Hi Tony,
On Mon, Mar 18, 2024 at 3:05 PM Luck, Tony tony.luck@intel.com wrote:
Could you please help me understand the details by answering my first question: What is the use case for needing to expose the individual cluster counts?
This is a model specific feature so if this is something needed for just a couple of systems I think we should be less inclined to make changes to resctrl interface. I am starting to be concerned about something similar becoming architectural later and then we need to wrangle this model specific resctrl support (which has then become ABI) again to support whatever that may look like.
Reinette,
Model specific. But present in multiple consecutive generations (Sapphire Rapids, Emerald Rapids, Granite Rapids, Sierra Forest).
Adding Peter Newman for a resctrl user perspective on SNC, rather than me continue to speculate on possible ways this might be used.
Peter: You will need to dig back a few messages on lore.kernel.org to get context.
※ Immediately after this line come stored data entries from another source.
lemma weakly_mixing_if_induced:
  fixes f :: "nat \<Rightarrow> 'a::topological_space \<Rightarrow> 'a"
  assumes wm: "weakly_mixing T (induced f)"
    and basis: "topological_basis \<beta>" "\<forall>B\<in>\<beta>. openin T (upper_set \<Psi> B)"
    and singletons: "\<forall>x. {x} \<in> \<Psi>" and nonempty: "{} \<notin> \<Psi>"
  shows "weakly_mixing euclidean f"
  unfolding weakly_mixing_def
proof (intro allI impI)
  note upper_inside = open_contains_open_upper_set[OF basis singletons]
  have mixes: "omega f n ` U \<inter> V \<noteq> {}"
    if "omega (induced f) n ` upper_set \<Psi> B \<inter> upper_set \<Psi> C \<noteq> {}" "B \<subseteq> U" "C \<subseteq> V"
    for n B C U V
    using omega_meets_if_upper_sets_meet[OF that(1) nonempty] that(2,3) by blast
  fix U1 U2 V1 V2 :: "'a set"
  assume "openin euclidean U1 \<and> openin euclidean U2 \<and> openin euclidean V1 \<and> openin euclidean V2 \<and>
    U1 \<noteq> {} \<and> U2 \<noteq> {} \<and> V1 \<noteq> {} \<and> V2 \<noteq> {}"
  then have U: "open U1" "open U2" "U1 \<noteq> {}" "U2 \<noteq> {}"
    and V: "open V1" "open V2" "V1 \<noteq> {}" "V2 \<noteq> {}"
    by (simp_all flip: open_openin)
  obtain B1 where B1: "openin T (upper_set \<Psi> B1)" "upper_set \<Psi> B1 \<noteq> {}" "B1 \<subseteq> U1"
    using upper_inside[OF U(1,3)] by blast
  obtain B2 where B2: "openin T (upper_set \<Psi> B2)" "upper_set \<Psi> B2 \<noteq> {}" "B2 \<subseteq> U2"
    using upper_inside[OF U(2,4)] by blast
  obtain C1 where C1: "openin T (upper_set \<Psi> C1)" "upper_set \<Psi> C1 \<noteq> {}" "C1 \<subseteq> V1"
    using upper_inside[OF V(1,3)] by blast
  obtain C2 where C2: "openin T (upper_set \<Psi> C2)" "upper_set \<Psi> C2 \<noteq> {}" "C2 \<subseteq> V2"
    using upper_inside[OF V(2,4)] by blast
  obtain n where "n \<ge> 1"
    and n: "omega (induced f) n ` upper_set \<Psi> B1 \<inter> upper_set \<Psi> C1 \<noteq> {}"
      "omega (induced f) n ` upper_set \<Psi> B2 \<inter> upper_set \<Psi> C2 \<noteq> {}"
    using weakly_mixingD[OF wm B1(1) B2(1) C1(1) C2(1) B1(2) B2(2) C1(2) C2(2)] by blast
  moreover have "omega f n ` U1 \<inter> V1 \<noteq> {}"
    by (rule mixes[OF n(1) B1(3) C1(3)])
  moreover have "omega f n ` U2 \<inter> V2 \<noteq> {}"
    by (rule mixes[OF n(2) B2(3) C2(3)])
  ultimately show "\<exists>n\<ge>1. omega f n ` U1 \<inter> V1 \<noteq> {} \<and> omega f n ` U2 \<inter> V2 \<noteq> {}"
    by blast
qed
Our main concern with supporting SNC in resctrl is all of the monitoring groups successfully recording memory bandwidth from all CPUs, regardless of the RMIDs they're assigned.
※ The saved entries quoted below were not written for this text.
lemma proj_segment_Int_proj_eq_slice_Un_finite:
  assumes "convex U"
  obtains F where "finite F"
    and "proj (closed_segment p q) \<alpha> \<inter> proj U \<alpha> =
           Pair \<alpha> -` (proj_band p q \<inter> proj_between U) \<union> F"
proof -
  let ?P = "proj U \<alpha>" and ?K = "proj (closed_segment p q) \<alpha>"
  let ?S = "Pair \<alpha> -` (proj_band p q \<inter> proj_between U)"
  have between: "Pair \<alpha> -` proj_between U = {t. \<exists>s\<in>?P. \<exists>s'\<in>?P. s < t \<and> t < s'}"
    unfolding proj_between_def proj_eq_image_proj_point by auto
  have S: "?S = ?K \<inter> {t. \<exists>s\<in>?P. \<exists>s'\<in>?P. s < t \<and> t < s'}"
    unfolding vimage_Int between unfolding proj_band_def proj_closed_segment by auto
  have "{t. \<exists>s\<in>?P. \<exists>s'\<in>?P. s < t \<and> t < s'} \<subseteq> ?P"
  proof
    fix t assume "t \<in> {t. \<exists>s\<in>?P. \<exists>s'\<in>?P. s < t \<and> t < s'}"
    then obtain s s' where "s \<in> ?P" "s' \<in> ?P" "s \<le> t" "t \<le> s'"
      by (auto intro: less_imp_le)
    then show "t \<in> ?P"
      using is_interval_proj[OF assms] unfolding is_interval_1 by blast
  qed
  then have "?K \<inter> ?P = ?S \<union> (?K \<inter> ?P - ?S)"
    unfolding S by blast
  moreover have "finite (?K \<inter> ?P - ?S)"
    by (rule finite_subset[OF _ finite_not_strictly_between[of ?P]]) (unfold S, blast)
  ultimately show ?thesis using that by blast
qed

lemma measure_proj_segment_Int_proj:
  assumes "convex U"
  shows "measure lebesgue (proj (closed_segment p q) \<alpha> \<inter> proj U \<alpha>)
       = measure lborel (Pair \<alpha> -` (proj_band p q \<inter> proj_between U))"
proof -
  let ?S = "Pair \<alpha> -` (proj_band p q \<inter> proj_between U)"
  obtain F where F: "finite F" and eq: "proj (closed_segment p q) \<alpha> \<inter> proj U \<alpha> = ?S \<union> F"
    using proj_segment_Int_proj_eq_slice_Un_finite[OF assms] .
  have S: "?S \<in> sets lborel"
    using sets_Pair1[OF proj_band_Int_proj_between_borel] by simp
  have null: "F \<in> null_sets lborel"
    using F by (rule finite_imp_null_set_lborel)
  have "?S \<union> F \<in> sets lborel"
    using S null by auto
  then have "measure lebesgue (?S \<union> F) = measure lborel (?S \<union> F)"
    by simp
  also have "\<dots> = measure lborel ?S"
    using S null by (intro measure_Un_null_set) auto
  finally show ?thesis unfolding eq .
qed

lemma borel_measurable_measure_proj_segment_Int_proj:
  assumes "convex U"
  shows "(\<lambda>\<alpha>. measure lebesgue (proj (closed_segment p q) \<alpha> \<inter> proj U \<alpha>)) \<in> borel_measurable lborel"
proof -
  have "(\<lambda>\<alpha>. emeasure lborel (Pair \<alpha> -` (proj_band p q \<inter> proj_between U))) \<in> borel_measurable lborel"
    by (rule lborel.measurable_emeasure_Pair[OF proj_band_Int_proj_between_borel])
  then have "(\<lambda>\<alpha>. measure lborel (Pair \<alpha> -` (proj_band p q \<inter> proj_between U))) \<in> borel_measurable lborel"
    unfolding measure_def by measurable
  then show ?thesis by (simp add: measure_proj_segment_Int_proj[OF assms])
qed

lemma measure_proj_segment_Int_proj_le:
  assumes "convex U"
  shows "measure lebesgue (proj (closed_segment p q) \<alpha> \<inter> proj U \<alpha>)
       \<le> \<bar>proj_point p \<alpha> - proj_point q \<alpha>\<bar>"
proof -
  let ?K = "{min (proj_point p \<alpha>) (proj_point q \<alpha>) .. max (proj_point p \<alpha>) (proj_point q \<alpha>)}"
  have "Pair \<alpha> -` (proj_band p q \<inter> proj_between U) \<subseteq> ?K"
    unfolding proj_band_def by auto
  then have "measure lborel (Pair \<alpha> -` (proj_band p q \<inter> proj_between U)) \<le> measure lborel ?K"
    by (intro measure_mono_fmeasurable sets_Pair1[OF proj_band_Int_proj_between_borel])
       (auto simp: fmeasurable_def)
  also have "\<dots> = \<bar>proj_point p \<alpha> - proj_point q \<alpha>\<bar>"
    by (simp add: measure_def)
  finally show ?thesis by (simp add: measure_proj_segment_Int_proj[OF assms])
qed

lemma integrable_measure_proj_segment_Int_proj:
  assumes "convex U"
  shows "(\<lambda>\<alpha>. measure lebesgue (proj (closed_segment p q) \<alpha> \<inter> proj U \<alpha>)) integrable_on {a..b}"
proof (rule measurable_bounded_by_integrable_imp_integrable_real)
  show "(\<lambda>\<alpha>. measure lebesgue (proj (closed_segment p q) \<alpha> \<inter> proj U \<alpha>))
          \<in> borel_measurable (lebesgue_on {a..b})"
    by (intro measurable_restrict_space1 measurable_completion
              borel_measurable_measure_proj_segment_Int_proj assms)
  show "\<bar>measure lebesgue (proj (closed_segment p q) \<alpha> \<inter> proj U \<alpha>)\<bar> \<le> dist p q" for \<alpha>
    using measure_proj_segment_Int_proj_le[OF assms, of p q \<alpha>] abs_proj_point_le_norm[of "p - q" \<alpha>]
    by (simp add: proj_point_diff dist_norm)
qed auto

subsection \<open>Directions in which two projections meet\<close>

lemma convex_combination_normal_between:
  assumes c1: "proj_point c1 x = 0" "proj_perp c1 x > 0"
    and c2: "proj_point c2 y = 0" "proj_perp c2 y > 0"
    and lt: "x < z" "z < y" and xy: "y - x < pi"
  obtains \<mu> where "0 \<le> \<mu>" "\<mu> \<le> 1"
    and "proj_point ((1 - \<mu>) *\<^sub>R c1 + \<mu> *\<^sub>R c2) z = 0"
    and "proj_perp ((1 - \<mu>) *\<^sub>R c1 + \<mu> *\<^sub>R c2) z > 0"
proof -
  define t1 t2 where "t1 = proj_perp c1 x" and "t2 = proj_perp c2 y"
  have c1z: "proj_point c1 z = t1 * sin (z - x)" "proj_perp c1 z = t1 * cos (z - x)"
    using proj_point_add_angle[of c1 x "z - x"] proj_perp_add_angle[of c1 x "z - x"] c1
    by (simp_all add: t1_def)
  have c2z: "proj_point c2 z = - (t2 * sin (y - z))" "proj_perp c2 z = t2 * cos (y - z)"
    using proj_point_add_angle[of c2 y "z - y"] proj_perp_add_angle[of c2 y "z - y"] c2
    by (simp_all add: t2_def sin_diff cos_diff algebra_simps)
  define A B where "A = t1 * sin (z - x)" and "B = t2 * sin (y - z)"
  have "sin (z - x) > 0" "sin (y - z) > 0" "sin (y - x) > 0"
    using lt xy by (auto intro!: sin_gt_zero)
  with c1 c2 have AB: "A > 0" "B > 0"
    unfolding A_def B_def t1_def t2_def by simp_all
  have "t1 * t2 * sin (y - x) / (A + B) > 0"
    using AB c1 c2 \<open>sin (y - x) > 0\<close> unfolding t1_def t2_def
    by (intro divide_pos_pos mult_pos_pos add_pos_pos)
  define \<mu> where "\<mu> = A / (A + B)"
  have "1 - \<mu> = B / (A + B)"
    using AB unfolding \<mu>_def by (simp add: field_simps)
  show ?thesis
  proof
    show "0 \<le> \<mu>" "\<mu> \<le> 1"
      using AB unfolding \<mu>_def by (auto simp: field_simps)
    show "proj_point ((1 - \<mu>) *\<^sub>R c1 + \<mu> *\<^sub>R c2) z = 0"
      using AB unfolding proj_point_combination c1z c2z
      by (simp add: \<mu>_def A_def[symmetric] B_def[symmetric] field_simps)
    have "proj_perp ((1 - \<mu>) *\<^sub>R c1 + \<mu> *\<^sub>R c2) z
        = (B * t1 * cos (z - x) + A * t2 * cos (y - z)) / (A + B)"
      unfolding proj_perp_combination c1z c2z \<open>1 - \<mu> = B / (A + B)\<close> using AB
      by (simp add: \<mu>_def add_divide_distrib)
    also have "B * t1 * cos (z - x) + A * t2 * cos (y - z) = t1 * t2 * sin (y - x)"
      using sin_add[of "y - z" "z - x"] unfolding A_def B_def by (simp add: algebra_simps)
    finally show "proj_perp ((1 - \<mu>) *\<^sub>R c1 + \<mu> *\<^sub>R c2) z > 0"
      using \<open>t1 * t2 * sin (y - x) / (A + B) > 0\<close> by simp
  qed
qed

text \<open>The angles \<open>\<alpha>\<close> for which the ray from \<open>0\<close> in direction \<open>(- sin \<alpha>, cos \<alpha>)\<close> meets \<open>C\<close>.\<close>

lemma is_interval_angles_normal_to:
  assumes C: "convex C" and ab: "b - a < pi"
  shows "is_interval {\<alpha> \<in> {a..b}. \<exists>c\<in>C. proj_point c \<alpha> = 0 \<and> proj_perp c \<alpha> > 0}"
    (is "is_interval ?I")
  unfolding is_interval_1
proof (intro ballI allI impI)
  fix x y z assume "x \<in> ?I" "y \<in> ?I" and xzy: "x \<le> z \<and> z \<le> y"
  then obtain c1 c2 where c: "c1 \<in> C" "c2 \<in> C"
    and c1: "proj_point c1 x = 0" "proj_perp c1 x > 0"
    and c2: "proj_point c2 y = 0" "proj_perp c2 y > 0"
    and xy: "a \<le> x" "y \<le> b"
    by auto
  show "z \<in> ?I"
  proof (cases "z = x \<or> z = y")
    case True
    with \<open>x \<in> ?I\<close> \<open>y \<in> ?I\<close> show ?thesis by auto
  next
    case False
    with xzy have lt: "x < z" "z < y" by auto
    obtain \<mu> where "0 \<le> \<mu>" "\<mu> \<le> 1"
      and "proj_point ((1 - \<mu>) *\<^sub>R c1 + \<mu> *\<^sub>R c2) z = 0"
      and "proj_perp ((1 - \<mu>) *\<^sub>R c1 + \<mu> *\<^sub>R c2) z > 0"
      using convex_combination_normal_between[OF c1 c2 lt] ab xy by auto
    moreover have "(1 - \<mu>) *\<^sub>R c1 + \<mu> *\<^sub>R c2 \<in> C"
      using C c \<open>0 \<le> \<mu>\<close> \<open>\<mu> \<le> 1\<close> by (simp add: convex_alt)
    ultimately show ?thesis
      using lt xy by fastforce
  qed
qed

lemma proj_Int_proj_nonempty_iff:
  assumes "U \<inter> V = {}"
  defines "D \<equiv> (\<Union>u\<in>U. \<Union>v\<in>V. {u - v})"
  shows "proj U \<alpha> \<inter> proj V \<alpha> \<noteq> {} \<longleftrightarrow>
           (\<exists>c\<in>D. proj_point c \<alpha> = 0 \<and> proj_perp c \<alpha> > 0)
         \<or> (\<exists>c\<in>uminus ` D. proj_point c \<alpha> = 0 \<and> proj_perp c \<alpha> > 0)"
proof -
  have "proj U \<alpha> \<inter> proj V \<alpha> \<noteq> {} \<longleftrightarrow> (\<exists>c\<in>D. proj_point c \<alpha> = 0)"
    unfolding proj_eq_image_proj_point D_def by (auto simp: proj_point_diff)
  moreover have "proj_perp c \<alpha> \<noteq> 0" if c: "c \<in> D" and normal: "proj_point c \<alpha> = 0" for c
  proof -
    obtain u v where "u \<in> U" "v \<in> V" "c = u - v"
      using c unfolding D_def by blast
    with assms(1) have "c \<noteq> 0"
      by (metis IntI empty_iff eq_iff_diff_eq_0)
    with normal show ?thesis
      using proj_point_proj_perp_eq_0_iff by blast
  qed
  ultimately show ?thesis
    by (auto simp: proj_point_uminus proj_perp_uminus linorder_neq_iff)
qed

lemma borel_angles_proj_Int_proj_nonempty:
  assumes U: "convex U" and V: "convex V" and UV: "U \<inter> V = {}"
  shows "{\<alpha>. proj U \<alpha> \<inter> proj V \<alpha> \<noteq> {}} \<in> sets borel"
proof -
  define D where "D = (\<Union>u\<in>U. \<Union>v\<in>V. {u - v})"
  have D: "convex D" "convex (uminus ` D)"
    unfolding D_def using convex_differences[OF U V] by (auto intro: convex_negations)
  define N where "N C a = {\<alpha> \<in> {a..a + 1}. \<exists>c\<in>C. proj_point c \<alpha> = 0 \<and> proj_perp c \<alpha> > 0}"
    for C :: "(real \<times> real) set" and a :: real
  have "pi > 1" using pi_gt3 by linarith
  then have "N C a \<in> sets borel" if "convex C" for C a
    unfolding N_def using that by (intro real_interval_borel_measurable is_interval_angles_normal_to) auto
  then have "(\<Union>n::int. N D n \<union> N (uminus ` D) n) \<in> sets borel"
    using D by (intro sets.countable_UN) auto
  also have "(\<Union>n::int. N D n \<union> N (uminus ` D) n) = {\<alpha>. proj U \<alpha> \<inter> proj V \<alpha> \<noteq> {}}"
  proof (intro set_eqI iffI)
    fix \<alpha> assume "\<alpha> \<in> (\<Union>n::int. N D n \<union> N (uminus ` D) n)"
    then show "\<alpha> \<in> {\<alpha>. proj U \<alpha> \<inter> proj V \<alpha> \<noteq> {}}"
      unfolding N_def mem_Collect_eq proj_Int_proj_nonempty_iff[OF UV, folded D_def] by blast
  next
    fix \<alpha> assume "\<alpha> \<in> {\<alpha>. proj U \<alpha> \<inter> proj V \<alpha> \<noteq> {}}"
    then have "\<alpha> \<in> N D \<lfloor>\<alpha>\<rfloor> \<union> N (uminus ` D) \<lfloor>\<alpha>\<rfloor>"
      unfolding N_def mem_Collect_eq proj_Int_proj_nonempty_iff[OF UV, folded D_def] by auto
    then show "\<alpha> \<in> (\<Union>n::int. N D n \<union> N (uminus ` D) n)"
      by blast
  qed
  finally show ?thesis .
qed

subsection \<open>Integrating \<open>\<bar>cos\<bar>\<close> over a set of bounded measure\<close>

text \<open>\<open>cos_cap a w = (cos w - cos a)\<^sup>+\<close> for \<open>\<bar>w\<bar> \<le> \<pi>\<close>.\<close>

definition cos_cap :: "real \<Rightarrow> real \<Rightarrow> real" where
  "cos_cap a w = cos (max (- a) (min a w)) - cos a"

definition cos_cap_primitive :: "real \<Rightarrow> real \<Rightarrow> real" where
  "cos_cap_primitive a w = sin (max (- a) (min a w)) - max (- a) (min a w) * cos a"

lemma cos_cap_nonneg:
  assumes "0 \<le> a" "a \<le> pi"
  shows "0 \<le> cos_cap a w"
proof -
  have "cos a \<le> cos \<bar>max (- a) (min a w)\<bar>"
    using assms by (subst cos_mono_le_eq) auto
  then show ?thesis unfolding cos_cap_def by simp
qed

lemma cos_le_cos_cap:
  assumes "0 \<le> a" "a \<le> pi" "\<bar>w\<bar> \<le> pi"
  shows "cos w \<le> cos a + cos_cap a w"
proof (cases "\<bar>w\<bar> \<le> a")
  case True
  then have "max (- a) (min a w) = w" by auto
  then show ?thesis unfolding cos_cap_def by simp
next
  case False
  then have "cos (max (- a) (min a w)) = cos a"
    by (cases "w \<le> 0") (auto simp: max_def min_def)
  moreover have "cos \<bar>w\<bar> \<le> cos a"
    using assms False by (subst cos_mono_le_eq) auto
  ultimately show ?thesis unfolding cos_cap_def by simp
qed

lemma cos_cap_primitive_ge:
  "a \<le> w \<Longrightarrow> 0 \<le> a \<Longrightarrow> cos_cap_primitive a w = sin a - a * cos a"
  and cos_cap_primitive_le:
  "w \<le> - a \<Longrightarrow> 0 \<le> a \<Longrightarrow> cos_cap_primitive a w = - (sin a - a * cos a)"
  unfolding cos_cap_primitive_def by simp_all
I would prefer that we don't complicate the model of resctrl monitoring domains for this feature. On ARM SoCs there will be a plethora of technologies influencing the layout of resources, so we shouldn't start cluttering the model with special cases for each.
I think it's valid for the number of domains in the L3 resource to increase or stay the same when the system is configured for SNC. I don't think the details of how the domains came about is relevant at the resctrl interface level so long as the user has enough information to deduce what the domain is referring to based on knowledge of their system configuration.
I would prefer per-cluster as more information could prove useful in some future investigation, but if you feel the data is misleading, providing the clusters combined is also fine. I would prefer that the choice remains consistent from this point forward on any particular implementation to avoid breaking existing controller software developed for that implementation.
In our main use case, we sum mon_data/*/mbm_total_bytes to determine a group's total bandwidth, so please don't cause this logic to produce the wrong answer.
Thanks! -Peter